Re: [lldb-dev] [RFC] Fast Conditional Breakpoints (FCB)

2019-08-15 Thread Pavel Labath via lldb-dev
Hello Ismail, and wellcome to LLDB. You have a very interesting (and not 
entirely trivial) project, and I wish you the best of luck in your work. 
I think this will be a very useful addition to lldb.


It sounds like you have researched the problem very well, and the 
overall direction looks good to me. However, I do have some ideas 
suggestions about possible tweaks/improvements that I would like to hear 
your thoughts on. Please find my comments inline.


On 14/08/2019 22:52, Ismail Bennani via lldb-dev wrote:

Hi everyone,

I’m Ismail, a compiler engineer intern at Apple. As a part of my internship,
I'm adding Fast Conditional Breakpoints to LLDB, using code patching.

Currently, the expressions that power conditional breakpoints are lowered
to LLVM IR and LLDB knows how to interpret a subset of it. If that fails,
the debugger JIT-compiles the expression (compiled once, and re-run on each
breakpoint hit).

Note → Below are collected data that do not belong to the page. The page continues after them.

(* Let $G=(V,E)$ be a connected graph on $V=\{1,\dots,n\}$ with incidence matrix $B$ and Laplacian $L=BB^T$. For every $\Delta\in\mathbb{R}^{|E|}$ and all $i,j\in V$, $$\left|\Delta^TB^TL^\dagger(e_i-e_j)\right|\le\|\Delta\|_\infty\sqrt{\Omega_{ij}\,|E_{ij}|}.$$
   Context: Each edge of $G$ is given an arbitrary orientation; $B\in\mathbb{R}^{n\times|E|}$ has, in the column of edge $(a,b)$, $+1$ in row $a$, $-1$ in row $b$ and zeros elsewhere. $L^\dagger$ is the Moore–Penrose pseudoinverse of $L$. $\Omega_{ij}=(e_i-e_j)^TL^\dagger(e_i-e_j)$ is the effective resistance between $i$ and $j$ when every edge is a unit resistor. $E_{ij}$ is the set of edges lying on at least one simple path from $i$ to $j$. *)

theory Defs
  imports "HOL-Analysis.Analysis"
begin

definition pinv :: "real^'n^'m \<Rightarrow> real^'m^'n" where
  "pinv A = (THE X. A ** X ** A = A \<and> X ** A ** X = X \<and>
                    transpose (A ** X) = A ** X \<and> transpose (X ** A) = X ** A)"

text \<open>A simple graph on the finite vertex type 'v, given by a set E of oriented
  edges (a,b): no loops, and each undirected edge is present with exactly one orientation.\<close>
definition simple_oriented_graph :: "('v \<times> 'v) set \<Rightarrow> bool" where
  "simple_oriented_graph E \<longleftrightarrow> (\<forall>(a,b)\<in>E. a \<noteq> b \<and> (b,a) \<notin> E)"
(* For every integer $n\ge 0$ and every nonzero complex number $x$, \[ \sum_{j=0}^{n}L_{2(n-2j)}(x)=\sum_{j=0}^{n}\left(\frac{x^2+2}{2}\right)^jL_{2(n-j)}(x)=\frac{2}{x}F_{2(n+1)}(x). \]
   Context: The Fibonacci polynomials $F_n(x)$ and Lucas polynomials $L_n(x)$ are defined by $F_0(x)=0$, $F_1(x)=1$, $L_0(x)=2$, $L_1(x)=x$ and $G_{n+1}(x)=xG_n(x)+G_{n-1}(x)$; they are extended to negative indices by $F_{-n}(x)=(-1)^{n-1}F_n(x)$ and $L_{-n}(x)=(-1)^nL_n(x)$. *)

theory Defs
  imports Complex_Main
begin

fun fibp :: "nat \<Rightarrow> complex \<Rightarrow> complex" where
  "fibp 0 x = 0"
| "fibp (Suc 0) x = 1"
| "fibp (Suc (Suc n)) x = x * fibp (Suc n) x + fibp n x"

fun lucp :: "nat \<Rightarrow> complex \<Rightarrow> complex" where
  "lucp 0 x = 2"
| "lucp (Suc 0) x = x"
| "lucp (Suc (Suc n)) x = x * lucp (Suc n) x + lucp n x"

definition Fib_poly :: "int \<Rightarrow> complex \<Rightarrow> complex" where
  "Fib_poly k x = (if k \<ge> 0 then fibp (nat k) x
                   else (-1) ^ (nat (-k) - 1) * fibp (nat (-k)) x)"

definition Luc_poly :: "int \<Rightarrow> complex \<Rightarrow> complex" where
  "Luc_poly k x = (if k \<ge> 0 then lucp (nat k) x
                   else (-1) ^ nat (-k) * lucp (nat (-k)) x)"

end

theory Submission
  imports Defs
begin

text \<open>
  After multiplication by \<open>x\<close> both sums become \<open>2 F_{2n+2}\<close>. This follows by induction on \<open>n\<close>
  from the identities \<open>2 F_{n+2} = (x\<^sup>2 + 2) F_n + x L_n\<close> and \<open>F_{n+4} = F_n + x L_{n+2}\<close>:
  raising \<open>n\<close> by one multiplies the weighted sum by \<open>(x\<^sup>2 + 2)/2\<close> and adds \<open>L_{2n+2}\<close>,
  while raising \<open>n\<close> by two adds to the unweighted sum its two new end terms \<open>L_{\<plusminus>(2n+4)}\<close>,
  which coincide because \<open>L_{-2k} = L_{2k}\<close>.
\<close>

lemma two_fibp_Suc_Suc:
  "2 * fibp (Suc (Suc n)) x = (x\<^sup>2 + 2) * fibp n x + x * lucp n x"
proof (induction n rule: induct_nat_012)
  case (ge2 n)
  have "2 * fibp (Suc (Suc (Suc (Suc n)))) x
      = x * (2 * fibp (Suc (Suc (Suc n))) x) + 2 * fibp (Suc (Suc n)) x"
    by (simp add: algebra_simps)
  also have "\<dots> = x * ((x\<^sup>2 + 2) * fibp (Suc n) x + x * lucp (Suc n) x)
                 + ((x\<^sup>2 + 2) * fibp n x + x * lucp n x)"
    using ge2 by simp
  also have "\<dots> = (x\<^sup>2 + 2) * fibp (Suc (Suc n)) x + x * lucp (Suc (Suc n)) x"
    by (simp add: algebra_simps)
  finally show ?case .
qed (simp_all add: algebra_simps power2_eq_square)

lemma fibp_add_4:
  "fibp (n + 4) x = fibp n x + x * lucp (n + 2) x"
proof (induction n rule: induct_nat_012)
  case (ge2 n)
  have "fibp (Suc (Suc n) + 4) x = x * fibp (Suc n + 4) x + fibp (n + 4) x"
    by (simp add: numeral_eq_Suc)
  also have "\<dots> = x * (fibp (Suc n) x + x * lucp (Suc n + 2) x) + (fibp n x + x * lucp (n + 2) x)"
    using ge2 by simp
  also have "\<dots> = fibp (Suc (Suc n)) x + x * lucp (Suc (Suc n) + 2) x"
    by (simp add: numeral_eq_Suc algebra_simps)
  finally show ?case .
qed (simp_all add: numeral_eq_Suc algebra_simps)

lemma Fib_poly_of_nat: "Fib_poly (int n) x = fibp n x"
  by (simp add: Fib_poly_def)

lemma Luc_poly_even: "Luc_poly (2 * k) x = lucp (2 * nat \<bar>k\<bar>) x"
proof (cases "k \<ge> 0")
  case False
  then have "nat (- (2 * k)) = 2 * nat (- k)"
    by simp
  with False show ?thesis
    by (simp add: Luc_poly_def)
qed (simp add: Luc_poly_def nat_mult_distrib)

lemma lucp_weighted_sum:
  "x * (\<Sum>j=0..n. ((x\<^sup>2 + 2) / 2) ^ j * lucp (2 * (n - j)) x) = 2 * fibp (2 * n + 2) x"
proof (induction n)
  case 0
  show ?case by (simp add: numeral_eq_Suc)
next
  case (Suc n)
  let ?c = "(x\<^sup>2 + 2) / 2"
  have "(\<Sum>j=0..Suc n. ?c ^ j * lucp (2 * (Suc n - j)) x)
      = lucp (2 * n + 2) x + (\<Sum>j=0..n. ?c ^ Suc j * lucp (2 * (n - j)) x)"
    by (simp only: sum.atLeast0_atMost_Suc_shift comp_def diff_Suc_Suc) simp
  also have "\<dots> = lucp (2 * n + 2) x + ?c * (\<Sum>j=0..n. ?c ^ j * lucp (2 * (n - j)) x)"
    by (simp add: sum_distrib_left mult.assoc)
  finally have "(\<Sum>j=0..Suc n. ?c ^ j * lucp (2 * (Suc n - j)) x)
      = lucp (2 * n + 2) x + ?c * (\<Sum>j=0..n. ?c ^ j * lucp (2 * (n - j)) x)" .
  then have "x * (\<Sum>j=0..Suc n. ?c ^ j * lucp (2 * (Suc n - j)) x)
      = x * lucp (2 * n + 2) x + ?c * (x * (\<Sum>j=0..n. ?c ^ j * lucp (2 * (n - j)) x))"
    by (simp only: distrib_left mult.left_commute)
  also have "\<dots> = x * lucp (2 * n + 2) x + (x\<^sup>2 + 2) * fibp (2 * n + 2) x"
    by (simp only: Suc.IH) simp
  also have "\<dots> = 2 * fibp (2 * Suc n + 2) x"
    using two_fibp_Suc_Suc[of "2 * n + 2" x] by (simp add: numeral_eq_Suc)
  finally show ?case .
qed

lemma Luc_poly_alternating_sum_Suc_Suc:
  "(\<Sum>j=0..Suc (Suc n). Luc_poly (2 * (int (Suc (Suc n)) - 2 * int j)) x)
   = (\<Sum>j=0..n. Luc_poly (2 * (int n - 2 * int j)) x) + 2 * lucp (2 * Suc (Suc n)) x"
  (is "sum (?f (Suc (Suc n))) _ = _")
proof -
  have outer: "?f m 0 = lucp (2 * m) x" "?f m m = lucp (2 * m) x" for m
    using Luc_poly_even[of "int m" x] Luc_poly_even[of "- int m" x] by simp_all
  have "sum (?f (Suc (Suc n))) {0..Suc (Suc n)}
      = ?f (Suc (Suc n)) 0 + (\<Sum>j=0..Suc n. ?f (Suc (Suc n)) (Suc j))"
    by (simp only: sum.atLeast_Suc_atMost[of 0] sum.shift_bounds_cl_Suc_ivl)
  also have "(\<Sum>j=0..Suc n. ?f (Suc (Suc n)) (Suc j))
      = (\<Sum>j=0..n. ?f (Suc (Suc n)) (Suc j)) + ?f (Suc (Suc n)) (Suc (Suc n))"
    by (rule sum.atLeast0_atMost_Suc)
  also have "(\<Sum>j=0..n. ?f (Suc (Suc n)) (Suc j)) = sum (?f n) {0..n}"
    by (rule sum.cong) (simp_all add: algebra_simps)
  finally show ?thesis
    by (simp only: outer) (simp add: algebra_simps del: lucp.simps)
qed

lemma Luc_poly_alternating_sum:
  "x * (\<Sum>j=0..n. Luc_poly (2 * (int n - 2 * int j)) x) = 2 * fibp (2 * n + 2) x"
proof (induction n rule: induct_nat_012)
  case 0
  show ?case by (simp add: numeral_eq_Suc Luc_poly_def)
next
  case 1
  show ?case by (simp add: numeral_eq_Suc Luc_poly_def algebra_simps power2_eq_square)
next
  case (ge2 n)
  have "x * (\<Sum>j=0..Suc (Suc n). Luc_poly (2 * (int (Suc (Suc n)) - 2 * int j)) x)
      = x * (\<Sum>j=0..n. Luc_poly (2 * (int n - 2 * int j)) x) + 2 * (x * lucp (2 * Suc (Suc n)) x)"
    by (simp only: Luc_poly_alternating_sum_Suc_Suc distrib_left mult.left_commute)
  also have "\<dots> = 2 * (fibp (2 * n + 2) x + x * lucp ((2 * n + 2) + 2) x)"
    by (simp only: ge2(1) distrib_left) (simp add: algebra_simps del: lucp.simps)
  also have "\<dots> = 2 * fibp ((2 * n + 2) + 4) x"
    by (simp only: fibp_add_4)
  also have "(2 * n + 2) + 4 = 2 * Suc (Suc n) + 2"
    by simp
  finally show ?case .
qed

theorem theorem10:
  fixes n :: nat and x :: complex
  assumes "x \<noteq> 0"
  shows "(\<Sum>j=0..n. Luc_poly (2 * (int n - 2 * int j)) x)
           = (\<Sum>j=0..n. ((x^2 + 2) / 2) ^ j * Luc_poly (2 * (int n - int j)) x)
       \<and> (\<Sum>j=0..n. ((x^2 + 2) / 2) ^ j * Luc_poly (2 * (int n - int j)) x)
           = 2 / x * Fib_poly (2 * (int n + 1)) x"
proof -
  have "Luc_poly (2 * (int n - int j)) x = lucp (2 * (n - j)) x" if "j \<le> n" for j
    using that Luc_poly_even[of "int n - int j" x] by (simp add: nat_diff_distrib)
  then have "(\<Sum>j=0..n. ((x^2 + 2) / 2) ^ j * Luc_poly (2 * (int n - int j)) x)
      = (\<Sum>j=0..n. ((x^2 + 2) / 2) ^ j * lucp (2 * (n - j)) x)"
    by (intro sum.cong) auto
  with lucp_weighted_sum have weighted:
    "x * (\<Sum>j=0..n. ((x^2 + 2) / 2) ^ j * Luc_poly (2 * (int n - int j)) x) = 2 * fibp (2 * n + 2) x"
    by (simp only:)
  have Fib: "Fib_poly (2 * (int n + 1)) x = fibp (2 * n + 2) x"
    using Fib_poly_of_nat[of "2 * n + 2" x] by (simp add: algebra_simps del: fibp.simps)
  have divide: "y = 2 / x * fibp (2 * n + 2) x" if "x * y = 2 * fibp (2 * n + 2) x" for y
    using that assms by (simp add: field_simps del: fibp.simps)
  show ?thesis
    unfolding Fib divide[OF weighted] divide[OF Luc_poly_alternating_sum] by simp
qed

end
lemma has_cycleI:
  assumes p: "is_path G vs" and len: "length vs \<ge> 3" and e: "(last vs, hd vs) \<in> edges G"
  shows "has_cycle G"
  unfolding has_cycle_def
proof (intro exI[of _ vs] conjI allI impI)
  show "distinct vs" "set vs \<subseteq> verts G" using p unfolding is_path_def by auto
  fix i assume i: "i < length vs"
  show "(vs ! i, vs ! ((i + 1) mod length vs)) \<in> edges G"
  proof (cases "Suc i < length vs")
    case True
    then show ?thesis using p unfolding is_path_def by simp
  next
    case False
    with i have "Suc i = length vs" by simp
    then have "i = length vs - 1" "(i + 1) mod length vs = 0" by simp_all
    moreover have "vs \<noteq> []" using len by auto
    ultimately show ?thesis using e by (simp add: last_conv_nth hd_conv_nth)
  qed
qed (use len in simp)

definition edges_except :: "'a graph \<Rightarrow> 'a \<Rightarrow> 'a \<Rightarrow> ('a \<times> 'a) set" where
  "edges_except G u v = {(p, q). (p, q) \<in> edges G \<and> {p, q} \<noteq> {u, v}}"

(* Acyclicity in this form, unlike the existence of a cycle, can be pulled back along maps with
   unique edge lifts (bridge_lift). *)
definition every_edge_bridge :: "'a graph \<Rightarrow> bool" where
  "every_edge_bridge G \<longleftrightarrow>
     (\<forall>u v. (u, v) \<in> edges G \<longrightarrow> u \<noteq> v \<longrightarrow> (v, u) \<notin> (edges_except G u v)\<^sup>*)"

lemma every_edge_bridge_if_acyclic:
  assumes G: "is_graph G" and acyclic: "\<not> has_cycle G"
  shows "every_edge_bridge G"
  unfolding every_edge_bridge_def
proof (intro allI impI notI)
  fix u v
  assume e: "(u, v) \<in> edges G" and uv: "u \<noteq> v" and vu_path: "(v, u) \<in> (edges_except G u v)\<^sup>*"
  have "v \<in> verts G" using is_graph_edge_in_verts[OF G e] by blast
  moreover have "edges_except G u v \<subseteq> edges G" unfolding edges_except_def by auto
  ultimately obtain xs where p: "is_path G (v # xs)" and l: "last (v # xs) = u"
    and st: "\<And>i. i < length xs \<Longrightarrow> ((v # xs) ! i, xs ! i) \<in> edges_except G u v"
    using rtrancl_simple_path[OF G _ vu_path] by blast
  have "length xs \<noteq> 1"
  proof
    assume "length xs = 1"
    then have "(v, u) \<in> edges_except G u v" using st[of 0] l by (cases xs) auto
    then show False unfolding edges_except_def by (auto simp: insert_commute)
  qed
  moreover have "length xs \<noteq> 0" using l uv by auto
  ultimately have "length (v # xs) \<ge> 3" by (simp only: length_Cons)
  moreover have "(last (v # xs), hd (v # xs)) \<in> edges G" unfolding l using e by simp
  ultimately have "has_cycle G" using has_cycleI[OF p] by simp
  with acyclic show False ..
qed

lemma cycle_edge_not_first:
  assumes d: "distinct vs" and len: "length vs \<ge> 3" and i: "0 < i" "i < length vs"
  shows "{vs ! i, vs ! ((i + 1) mod length vs)} \<noteq> {vs ! 0, vs ! 1}"
proof -
  have idx: "vs ! k = vs ! l \<longleftrightarrow> k = l" if "k < length vs" "l < length vs" for k l
    using d that by (simp add: nth_eq_iff_index_eq)
  have ne: "vs \<noteq> []" using len by (cases vs) auto
  have "vs ! i \<notin> {vs ! 0, vs ! 1} \<or> vs ! ((i + 1) mod length vs) \<notin> {vs ! 0, vs ! 1}"
  proof (cases "i = 1")
    case True
    then show ?thesis using idx[of "Suc (Suc 0)" 0] idx[of "Suc (Suc 0)" "Suc 0"] len ne by auto
  next
    case False
    then show ?thesis using idx[of i 0] idx[of i 1] i ne by auto
  qed
  then show ?thesis by auto
qed

lemma not_every_edge_bridge_if_cycle:
  assumes "has_cycle G"
  shows "\<not> every_edge_bridge G"
proof -
  from assms obtain vs where len: "length vs \<ge> 3" and d: "distinct vs"
    and e: "\<And>i. i < length vs \<Longrightarrow> (vs ! i, vs ! ((i + 1) mod length vs)) \<in> edges G"
    unfolding has_cycle_def by blast
  have ne: "vs \<noteq> []" using len by (cases vs) auto
  define n where "n = length vs"
  let ?u = "vs ! 0" and ?v = "vs ! 1"
  let ?R = "edges_except G ?u ?v"
  have idx: "vs ! i = vs ! j \<longleftrightarrow> i = j" if "i < n" "j < n" for i j
    using d that n_def by (simp add: nth_eq_iff_index_eq)
  have uv: "?u \<noteq> ?v" using idx[of 0 1] len n_def by (simp only:)
  have cycle_edge: "(vs ! i, vs ! ((i + 1) mod n)) \<in> ?R" if "0 < i" "i < n" for i
    using e[of i] cycle_edge_not_first[OF d len that[unfolded n_def]] that n_def
    unfolding edges_except_def by auto
  have path: "(?v, vs ! k) \<in> ?R\<^sup>*" if "1 \<le> k" "k < n" for k
    using that
  proof (induction k rule: dec_induct)
    case (step k)
    then have "(vs ! k, vs ! Suc k) \<in> ?R" using cycle_edge[of k] by simp
    with step show ?case by (simp add: rtrancl_into_rtrancl)
  qed simp
  have "(vs ! (n - 1), ?u) \<in> ?R"
  proof -
    have "n - 1 + 1 = n" using len n_def by simp
    then have "(n - 1 + 1) mod n = 0" by simp
    then show ?thesis using cycle_edge[of "n - 1"] len n_def by simp
  qed
  moreover have "(?v, vs ! (n - 1)) \<in> ?R\<^sup>*" using path[of "n - 1"] len n_def by simp
  ultimately have "(?v, ?u) \<in> ?R\<^sup>*" by (simp add: rtrancl_into_rtrancl)
  moreover have "(?u, ?v) \<in> edges G" using e[of 0] len ne by simp
  ultimately show ?thesis using uv unfolding every_edge_bridge_def by blast
qed

definition pendant :: "'a graph \<Rightarrow> 'a \<Rightarrow> 'a \<Rightarrow> bool" where
  "pendant G e w \<longleftrightarrow> e \<noteq> w \<and> (e, w) \<in> edges G \<and> (\<forall>x. (e, x) \<in> edges G \<longrightarrow> x = e \<or> x = w)"

lemma ord_pendant: "is_graph G \<Longrightarrow> pendant G e w \<Longrightarrow> ord G e = 1"
proof -
  assume G: "is_graph G" and "pendant G e w"
  then have "{x \<in> verts G. (e, x) \<in> edges G \<and> x \<noteq> e} = {w}"
    using is_graph_edge_in_verts[OF G] unfolding pendant_def by auto
  then show ?thesis unfolding ord_def by simp
qed

lemma longest_path_exists:
  assumes fin: "finite (verts G)" and p0: "is_path G vs0"
  obtains vs where "is_path G vs" "length vs0 \<le> length vs"
    "\<And>ws. is_path G ws \<Longrightarrow> length ws \<le> length vs"
proof -
  let ?P = "\<lambda>k. \<exists>vs. is_path G vs \<and> length vs = k"
  have "k \<le> card (verts G)" if "?P k" for k
  proof -
    from that obtain vs where "distinct vs" "set vs \<subseteq> verts G" "length vs = k"
      unfolding is_path_def by blast
    then show ?thesis using card_mono[OF fin] by (metis distinct_card)
  qed
  moreover have "?P (length vs0)" using p0 by blast
  ultimately obtain k where "?P k" "\<forall>k'. ?P k' \<longrightarrow> k' \<le> k"
    using Nat.ex_has_greatest_nat[of ?P "length vs0" "card (verts G)"] by blast
  then show thesis using that p0 by blast
qed

lemma pendant_longest_path_start:
  assumes G: "is_graph G" and acyclic: "\<not> has_cycle G"
    and p: "is_path G vs" and len: "length vs \<ge> 2"
    and longest: "\<And>ws. is_path G ws \<Longrightarrow> length ws \<le> length vs"
  shows "pendant G (vs ! 0) (vs ! 1)"
  unfolding pendant_def
proof (intro conjI allI impI)
  have "distinct vs" using p unfolding is_path_def by simp
  moreover have "0 < length vs" "1 < length vs" using len by linarith+
  ultimately show "vs ! 0 \<noteq> vs ! 1" by (metis nth_eq_iff_index_eq zero_neq_one)
  show "(vs ! 0, vs ! 1) \<in> edges G" using p len unfolding is_path_def by simp
  fix x assume ex: "(vs ! 0, x) \<in> edges G"
  show "x = vs ! 0 \<or> x = vs ! 1"
  proof (rule ccontr)
    assume x: "\<not> (x = vs ! 0 \<or> x = vs ! 1)"
    show False
    proof (cases "x \<in> set vs")
      case False
      have "vs \<noteq> []" using len by (cases vs) auto
      then have "(x, hd vs) \<in> edges G" using is_graph_edge_sym[OF G ex] by (simp add: hd_conv_nth)
      moreover have "x \<in> verts G" using is_graph_edge_in_verts[OF G ex] by blast
      ultimately show False using longest[OF is_path_Cons[OF p \<open>vs \<noteq> []\<close> _ False]] by simp
    next
      case True
      then obtain j where j: "j < length vs" "x = vs ! j" by (metis in_set_conv_nth)
      with x have "j \<noteq> 0" "j \<noteq> 1" by metis+
      then have "j \<ge> 2" by arith
      have "is_path G (take (Suc j) vs)" using is_path_take[OF p] .
      moreover have "length (take (Suc j) vs) \<ge> 3" using j \<open>j \<ge> 2\<close> by simp
      moreover have "take (Suc j) vs \<noteq> []" "vs \<noteq> []" using j by auto
      then have "(last (take (Suc j) vs), hd (take (Suc j) vs)) \<in> edges G"
        using j is_graph_edge_sym[OF G ex] by (simp add: last_conv_nth hd_conv_nth)
      ultimately have "has_cycle G" by (rule has_cycleI)
      with acyclic show False ..
    qed
  qed
qed

lemma tree_has_pendant:
  assumes T: "is_tree G" and u: "u \<in> verts G" and v: "v \<in> verts G" and uv: "u \<noteq> v"
  obtains e w where "pendant G e w"
proof -
  have G: "is_graph G" and acyclic: "\<not> has_cycle G" and fin: "finite (verts G)"
    and c: "connected_in G (verts G)"
    using T unfolding is_tree_def is_graph_def by auto
  have "(u, v) \<in> (induced_rel G (verts G))\<^sup>*" using connected_inD[OF c u v] .
  moreover have "induced_rel G (verts G) \<subseteq> edges G" unfolding induced_rel_def by auto
  ultimately obtain xs where p0: "is_path G (u # xs)" and "last (u # xs) = v"
    using rtrancl_simple_path[OF G _ _ u] by blast
  with uv have "length (u # xs) \<ge> 2" by (cases xs) auto
  obtain vs where "is_path G vs" "length (u # xs) \<le> length vs"
    "\<And>ws. is_path G ws \<Longrightarrow> length ws \<le> length vs"
    using longest_path_exists[OF fin p0] by blast
  with \<open>length (u # xs) \<ge> 2\<close> have "pendant G (vs ! 0) (vs ! 1)"
    using pendant_longest_path_start[OF G acyclic] by simp
  then show thesis by (rule that)
qed
lemma struct_S_reflect:
  fixes F :: "real^'n \<Rightarrow> real \<Rightarrow> real \<Rightarrow> real^'n \<Rightarrow> real^'n^'n \<Rightarrow> real"
  assumes "struct_S F E lam Lam b c"
  shows "struct_S (\<lambda>x t r p X. - F x t (-r) (-p) (-X)) E lam Lam b c"
  unfolding struct_S_def
proof (intro ballI allI impI, clarify)
  fix x t and r s :: real and p q :: "real^'n" and M N :: "real^'n^'n"
  assume xt: "(x,t) \<in> E" and MN: "sym_mat M" "sym_mat N" "psd_mat N"
  have "sym_mat (- M - N)"
    using MN(1,2) by (simp add: sym_mat_def transpose_def vec_eq_iff)
  then have "lam * trace N - b x t * norm (-q - -p) + c x t * (-s - -r)
          \<le> F x t (-s) (-q) (- M - N + N) - F x t (-r) (-p) (- M - N) \<and>
        F x t (-s) (-q) (- M - N + N) - F x t (-r) (-p) (- M - N)
          \<le> Lam * trace N + b x t * norm (-q - -p) + c x t * (-s - -r)"
    using assms xt MN(2,3) unfolding struct_S_def by blast
  moreover have "norm (-q - -p) = norm (p - q)"
    by (metis minus_diff_eq minus_diff_minus norm_minus_cancel)
  ultimately show "lam * trace N - b x t * norm (p - q) + c x t * (r - s)
          \<le> - F x t (- r) (- p) (- (M + N)) - - F x t (- s) (- q) (- M) \<and>
        - F x t (- r) (- p) (- (M + N)) - - F x t (- s) (- q) (- M)
          \<le> Lam * trace N + b x t * norm (p - q) + c x t * (r - s)"
    by (simp add: algebra_simps)
qed

lemma matrix_vector_mult_uminus_left: "(- A) *v h = - (A *v h)" for A :: "real^'n^'m"
  by (simp add: vec_eq_iff matrix_vector_mult_def sum_negf)

lemma C21_on_uminus:
  assumes "C21_on U phi Dphi D2phi phit"
  shows "C21_on U (\<lambda>x t. - phi x t) (\<lambda>x t. - Dphi x t) (\<lambda>x t. - D2phi x t) (\<lambda>x t. - phit x t)"
  using assms unfolding C21_on_def case_prod_unfold
proof (intro conjI ballI; (elim conjE)?)
  fix p assume H: "\<forall>p\<in>U. ((\<lambda>z. phi z (snd p)) has_derivative (\<lambda>h. Dphi (fst p) (snd p) \<bullet> h)) (at (fst p)) \<and>
        ((\<lambda>z. Dphi z (snd p)) has_derivative (\<lambda>h. D2phi (fst p) (snd p) *v h)) (at (fst p)) \<and>
        ((\<lambda>r. phi (fst p) r) has_real_derivative phit (fst p) (snd p)) (at (snd p))" and p: "p \<in> U"
  show "((\<lambda>z. - phi z (snd p)) has_derivative (\<lambda>h. - Dphi (fst p) (snd p) \<bullet> h)) (at (fst p))"
    using has_derivative_minus[OF H[rule_format, OF p, THEN conjunct1]] by simp
  show "((\<lambda>z. - Dphi z (snd p)) has_derivative (\<lambda>h. - D2phi (fst p) (snd p) *v h)) (at (fst p))"
    using has_derivative_minus[OF H[rule_format, OF p, THEN conjunct2, THEN conjunct1]]
    by (simp add: matrix_vector_mult_uminus_left)
  show "((\<lambda>r. - phi (fst p) r) has_real_derivative - phit (fst p) (snd p)) (at (snd p))"
    using DERIV_minus[OF H[rule_format, OF p, THEN conjunct2, THEN conjunct2]] by simp
qed (auto intro: continuous_intros)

In both cases LLDB must collect all program state used in
the condition and pass it to the expression.

The goal of my internship project is to make conditional breakpoints faster by:

1. Compiling the expression ahead-of-time, when setting the breakpoint and
inject into the inferior memory only once.
2. Re-route the inferior execution flow to run the expression and check whether
it needs to stop, in-process.

This saves the cost of having to do the context switch between debugger and
the inferior program (about 10 times) to compile and evaluate the condition.

This feature is described on the [LLDB Project 
page](https://lldb.llvm.org/status/projects.html#use-the-jit-to-speed-up-conditional-breakpoint-evaluation).
The goal would be to have it working for most languages and architectures
supported by LLDB, however my original implementation will be for C-based
languages targeting x86_64. It will be extended to AArch64 afterwards.

Note the way my prototype is implemented makes it fully extensible for other
languages and architectures.

## High Level Design

Every time a breakpoint that holds a condition is hit, multiple context
switches are needed in order to compile and evaluate the condition.

First, the breakpoint is hit and the control is given to the debugger.
That's where LLDB wraps the condition expression into a UserExpression that
will get compiled and injected into the program memory. Another round-trip
between the inferior and the LLDB is needed to run the compiled expression
and extract the expression results that will tell LLDB to stop or not.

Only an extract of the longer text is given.